(* Let $T>0$, $\sigma>0$, $\lambda>0$, $\kappa>0$, let the cost function be $g(z)=\kappa z$, and let $H^1\in\mathcal{C}^2_b(\mathbb{R})$, $H^1\ne0$. For each $N\ge1$ consider the $N$-player risk-neutral game with claims $H^1$ for player 1 and $H^i=0$ for $i=2,\dots,N$, and let $(v^{1,N},\dots,v^{N,N})$ be the classical solution of $$0=v^j_t+\tfrac12\sigma^2v^j_{pp}+\lambda\dot X^*\,v^j_p-\kappa\,\dot X^j\,\dot X^*,\qquad v^j(T,p)=H^j(p),\quad j=1,\dots,N,$$ with equilibrium trading speeds $\dot X^j=\frac{\lambda}{\kappa}\Big(v^j_p-\frac{1}{N+1}\sum_{i=1}^Nv^i_p\Big)$ and aggregate speed $\sum_{i=1}^N\dot X^i=\frac{\lambda}{\kappa(N+1)}\sum_{i=1}^Nv^i_p$. Then the aggregate equilibrium trading speed satisfies $\lim_{N\to\infty}\sum_{i=1}^N\dot X^i_t=0$.
   Context: Setting: players $j=1,\dots,N$ hold cash-settled claims $H^j(P_T)$ on a stock with price $dP_t=\sigma dB_t+\lambda\sum_i\dot X^i_t dt$, where $X^i$ is player $i$'s (absolutely continuous) holding with $X^i_0=0$, and player $j$ maximizes $\mathbb{E}[-\int_0^T\dot X^j_t\,g(\sum_i\dot X^i_t)dt+H^j(P_T)]$. The functions $v^j$ are the players' value functions and the formulas give the Nash equilibrium feedback trading speeds (functions of time and spot price). $\mathcal{C}^2_b$ denotes functions bounded together with derivatives up to order 2. *)

theory Defs
  imports "HOL-Analysis.Analysis"
begin

definition indiv_speed :: "real \<Rightarrow> real \<Rightarrow> nat \<Rightarrow> (nat \<Rightarrow> real \<Rightarrow> real \<Rightarrow> real) \<Rightarrow> nat \<Rightarrow> real \<Rightarrow> real \<Rightarrow> real" where
  "indiv_speed lam kap N vpN j t p =
     lam / kap * (vpN j t p - (1 / (real N + 1)) * (\<Sum>i\<in>{1..N}. vpN i t p))"

definition aggr_speed :: "real \<Rightarrow> real \<Rightarrow> nat \<Rightarrow> (nat \<Rightarrow> real \<Rightarrow> real \<Rightarrow> real) \<Rightarrow> real \<Rightarrow> real \<Rightarrow> real" where
  "aggr_speed lam kap N vpN t p = lam / (kap * (real N + 1)) * (\<Sum>i\<in>{1..N}. vpN i t p)"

○ ○ ○ ○ ○

§ WORK INSTRUCTIONS:
Keeping every character as it is, restate the lines above that run from the line with "theory Defs" through the line with "real) \<Rightarrow> real", both included, and nothing else.

§ SOLVED EXERCISE:
theory Defs
  imports "HOL-Analysis.Analysis"
begin

definition indiv_speed :: "real \<Rightarrow> real \<Rightarrow> nat \<Rightarrow> (nat \<Rightarrow> real \<Rightarrow> real \<Rightarrow> real) \<Rightarrow> nat \<Rightarrow> real \<Rightarrow> real \<Rightarrow> real" where
  "indiv_speed lam kap N vpN j t p =
     lam / kap * (vpN j t p - (1 / (real N + 1)) * (\<Sum>i\<in>{1..N}. vpN i t p))"

definition aggr_speed :: "real \<Rightarrow> real \<Rightarrow> nat \<Rightarrow> (nat \<Rightarrow> real \<Rightarrow> real \<Rightarrow> real) \<Rightarrow> real \<Rightarrow> real \<Rightarrow> real" where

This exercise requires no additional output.